lemma Tdual_cm_subset_dual: "Tdual (cm V) \<subseteq> dual V"
proof
  fix h assume h: "h \<in> Tdual (cm V)"
  have "eval_fps (hadamard f h) z \<noteq> 0" if "f \<in> V" "z \<in> ball 0 1" for f z
  proof -
    have "z \<in> cball 0 1" using that(2) by simp
    then have "Pop z f \<in> cm V" using that(1) unfolding cm_def by blast
    then have "eval_fps (hadamard (Pop z f) h) 1 \<noteq> 0" using h by (simp add: Tdual_def)
    then show ?thesis by (simp add: hadamard_Pop_left eval_fps_Pop)
  qed
  moreover have "h \<in> A0_space"
    using h by (auto simp: Tdual_def AD0_space_def AD_space_def A0_space_def A_space_def)
  ultimately show "h \<in> dual V" by (simp add: dual_def)
qed

lemma Pop_mem_Tdual_cm:
  assumes g: "g \<in> dual V" and x: "0 < norm x" "norm x < 1"
  shows "Pop x g \<in> Tdual (cm V)"
proof -
  have "1 < 1 / ereal (norm x)" using x by (simp add: one_ereal_def)
  also have "\<dots> \<le> fps_conv_radius g / ereal (norm x)"
    using g x by (intro ereal_divide_right_mono) (auto simp: dual_def A0_space_def A_space_def)
  also have "\<dots> = fps_conv_radius (Pop x g)"
    using x by (simp add: fps_conv_radius_Pop)
  finally have "fps_conv_radius (Pop x g) > 1" .
  moreover have "fps_nth (Pop x g) 0 = 1" using g by (simp add: dual_def A0_space_def)
  moreover have "eval_fps (hadamard f (Pop x g)) 1 \<noteq> 0" if "f \<in> cm V" for f
  proof -
    from that obtain y f0 where f0: "f = Pop y f0" "f0 \<in> V" "norm y \<le> 1"
      by (auto simp: cm_def)
    have "norm (y * x) \<le> norm x" using f0(3) by (simp add: norm_mult mult_left_le_one_le)
    then have "eval_fps (hadamard f0 g) (y * x) \<noteq> 0"
      using g f0(2) x(2) by (simp add: dual_def)
    then show ?thesis by (simp add: f0(1) hadamard_Pop_left hadamard_Pop_right eval_fps_Pop)
  qed
  ultimately show ?thesis by (simp add: Tdual_def AD0_space_def AD_space_def)
qed

lemma uniform_limit_Pop_at_left_1:
  fixes g :: "complex fps"
  assumes g: "fps_conv_radius g \<ge> 1" and K: "compact K" "K \<subseteq> ball 0 1"
  shows "uniform_limit K (\<lambda>r. eval_fps (Pop (of_real r) g)) (eval_fps g) (at_left 1)"
proof (rule uniform_limitI)
  fix e :: real assume e: "0 < e"
  obtain s where s: "s < 1" "K \<subseteq> cball 0 s"
    using compact_subset_unit_ball_obtains_cball[OF K] by blast
  have "cball 0 s \<subseteq> ball (0 :: complex) 1" using s by auto
  then have "continuous_on (cball 0 s) (eval_fps g)"
    by (intro holomorphic_on_imp_continuous_on holomorphic_on_subset[OF
          holomorphic_on_eval_fps_unit_ball[OF g]])
  then have "uniformly_continuous_on (cball 0 s) (eval_fps g)"
    by (rule compact_uniformly_continuous) simp
  then obtain \<delta> where \<delta>: "0 < \<delta>"
    "\<And>x x'. x \<in> cball 0 s \<Longrightarrow> x' \<in> cball 0 s \<Longrightarrow> dist x' x < \<delta> \<Longrightarrow>
       dist (eval_fps g x') (eval_fps g x) < e"
    unfolding uniformly_continuous_on_def using e by metis
  have "\<forall>\<^sub>F r in at_left 1. r \<in> {max 0 (1 - \<delta>)<..<1}"
    using \<delta>(1) by (intro eventually_at_left_real) simp
  then show "\<forall>\<^sub>F r in at_left 1. \<forall>z\<in>K. dist (eval_fps (Pop (of_real r) g) z) (eval_fps g z) < e"
  proof eventually_elim
    case (elim r)
    then have r: "0 < r" "r < 1" "1 - r < \<delta>" by auto
    show ?case
    proof
      fix z assume "z \<in> K"
      then have z: "z \<in> cball 0 s" "norm z < 1" using s K by auto
      have "dist (of_real r * z) z = norm (of_real (1 - r) * z)"
        by (simp add: dist_norm norm_minus_commute algebra_simps)
      also have "\<dots> = (1 - r) * norm z"
        using r by (simp add: norm_mult del: of_real_diff)
      also have "\<dots> \<le> 1 - r" using r z by (simp add: mult_left_le)
      finally have "dist (of_real r * z) z < \<delta>" using r by simp
      moreover have "of_real r * z \<in> cball 0 s"
        using r z by (auto simp: norm_mult intro: order_trans[OF mult_left_le_one_le])
      ultimately show "dist (eval_fps (Pop (of_real r) g) z) (eval_fps g z) < e"
        using \<delta>(2) z(1) by (simp add: eval_fps_Pop)
    qed
  qed
qed

lemma dual_subset_lu_closure_Tdual_cm: "dual V \<subseteq> lu_closure (Tdual (cm V))"
proof
  fix g assume g: "g \<in> dual V"
  then have R: "fps_conv_radius g \<ge> 1" by (simp add: dual_def A0_space_def A_space_def)
  have "\<exists>h\<in>Tdual (cm V). \<forall>z\<in>K. norm (eval_fps h z - eval_fps g z) < e"
    if K: "compact K" "K \<subseteq> ball 0 1" and e: "0 < e" for K e
  proof -
    have "\<forall>\<^sub>F r in at_left 1. r \<in> {0<..<1} \<and>
        (\<forall>z\<in>K. dist (eval_fps (Pop (of_real r) g) z) (eval_fps g z) < e)"
      using eventually_at_left_real[of 0 1]
        uniform_limitD[OF uniform_limit_Pop_at_left_1[OF R K] e]
      by (rule eventually_conj) simp
    then obtain r where "r \<in> {0<..<1}"
        "\<forall>z\<in>K. dist (eval_fps (Pop (of_real r) g) z) (eval_fps g z) < e"
      using eventually_happens'[OF trivial_limit_at_left_real] by blast
    then show ?thesis using Pop_mem_Tdual_cm[OF g, of "of_real r"] by (auto simp: dist_norm)
  qed
  with R show "g \<in> lu_closure (Tdual (cm V))" by (simp add: lu_closure_def A_space_def)
qed

lemma lu_closure_dual_subset:
  assumes V: "V \<subseteq> A0_space"
  shows "lu_closure (dual V) \<subseteq> dual V"
proof
  fix g assume g: "g \<in> lu_closure (dual V)"
  then have R: "fps_conv_radius g \<ge> 1" by (simp add: lu_closure_def A_space_def)
  obtain H where H: "\<And>n. H n \<in> dual V"
    and lim: "\<And>K. compact K \<Longrightarrow> K \<subseteq> ball 0 1 \<Longrightarrow>
                uniform_limit K (\<lambda>n. eval_fps (H n)) (eval_fps g) sequentially"
    using lu_closure_obtains_sequence[OF g] by blast
  have RH: "fps_conv_radius (H n) \<ge> 1" for n
    using H by (simp add: dual_def A0_space_def A_space_def)
  have g0: "fps_nth g 0 = 1"
    using g by (rule fps_nth_0_lu_closure) (simp add: dual_def A0_space_def)
  have "eval_fps (hadamard f g) z \<noteq> 0" if f: "f \<in> V" and z: "z \<in> ball 0 1" for f z
  proof -
    have Rf: "fps_conv_radius f \<ge> 1" "fps_nth f 0 = 1"
      using f V by (auto simp: A0_space_def A_space_def)
    show ?thesis
    proof (rule Hurwitz_nonvanishing[of "ball 0 1" "\<lambda>n. eval_fps (hadamard f (H n))"
          "eval_fps (hadamard f g)"])
      show "eval_fps (hadamard f (H n)) holomorphic_on ball 0 1" for n
        by (intro holomorphic_on_eval_fps_unit_ball fps_conv_radius_hadamard Rf RH)
      show "eval_fps (hadamard f g) holomorphic_on ball 0 1"
        by (intro holomorphic_on_eval_fps_unit_ball fps_conv_radius_hadamard Rf R)
      show "uniform_limit K (\<lambda>n. eval_fps (hadamard f (H n))) (eval_fps (hadamard f g))
          sequentially" if "compact K" "K \<subseteq> ball 0 1" for K
        by (rule uniform_limit_hadamard[OF Rf(1) R RH lim that])
      show "eval_fps (hadamard f (H n)) w \<noteq> 0" if "w \<in> ball 0 1" for n w
        using H[of n] f that by (simp add: dual_def)
      show "eval_fps (hadamard f g) 0 \<noteq> 0"
        using Rf g0 by (simp add: eval_fps_at_0)
    qed (use z in auto)
  qed
  with R g0 show "g \<in> dual V" by (simp add: dual_def A0_space_def A_space_def)
qed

+ + + + + + +

= The task =
Print exactly the lines between the line with "g) 0 \<noteq>" and the final line of the records above, both included.

= Exercise output =
      show "eval_fps (hadamard f g) 0 \<noteq> 0"
        using Rf g0 by (simp add: eval_fps_at_0)
    qed (use z in auto)
  qed
  with R g0 show "g \<in> dual V" by (simp add: dual_def A0_space_def A_space_def)
qed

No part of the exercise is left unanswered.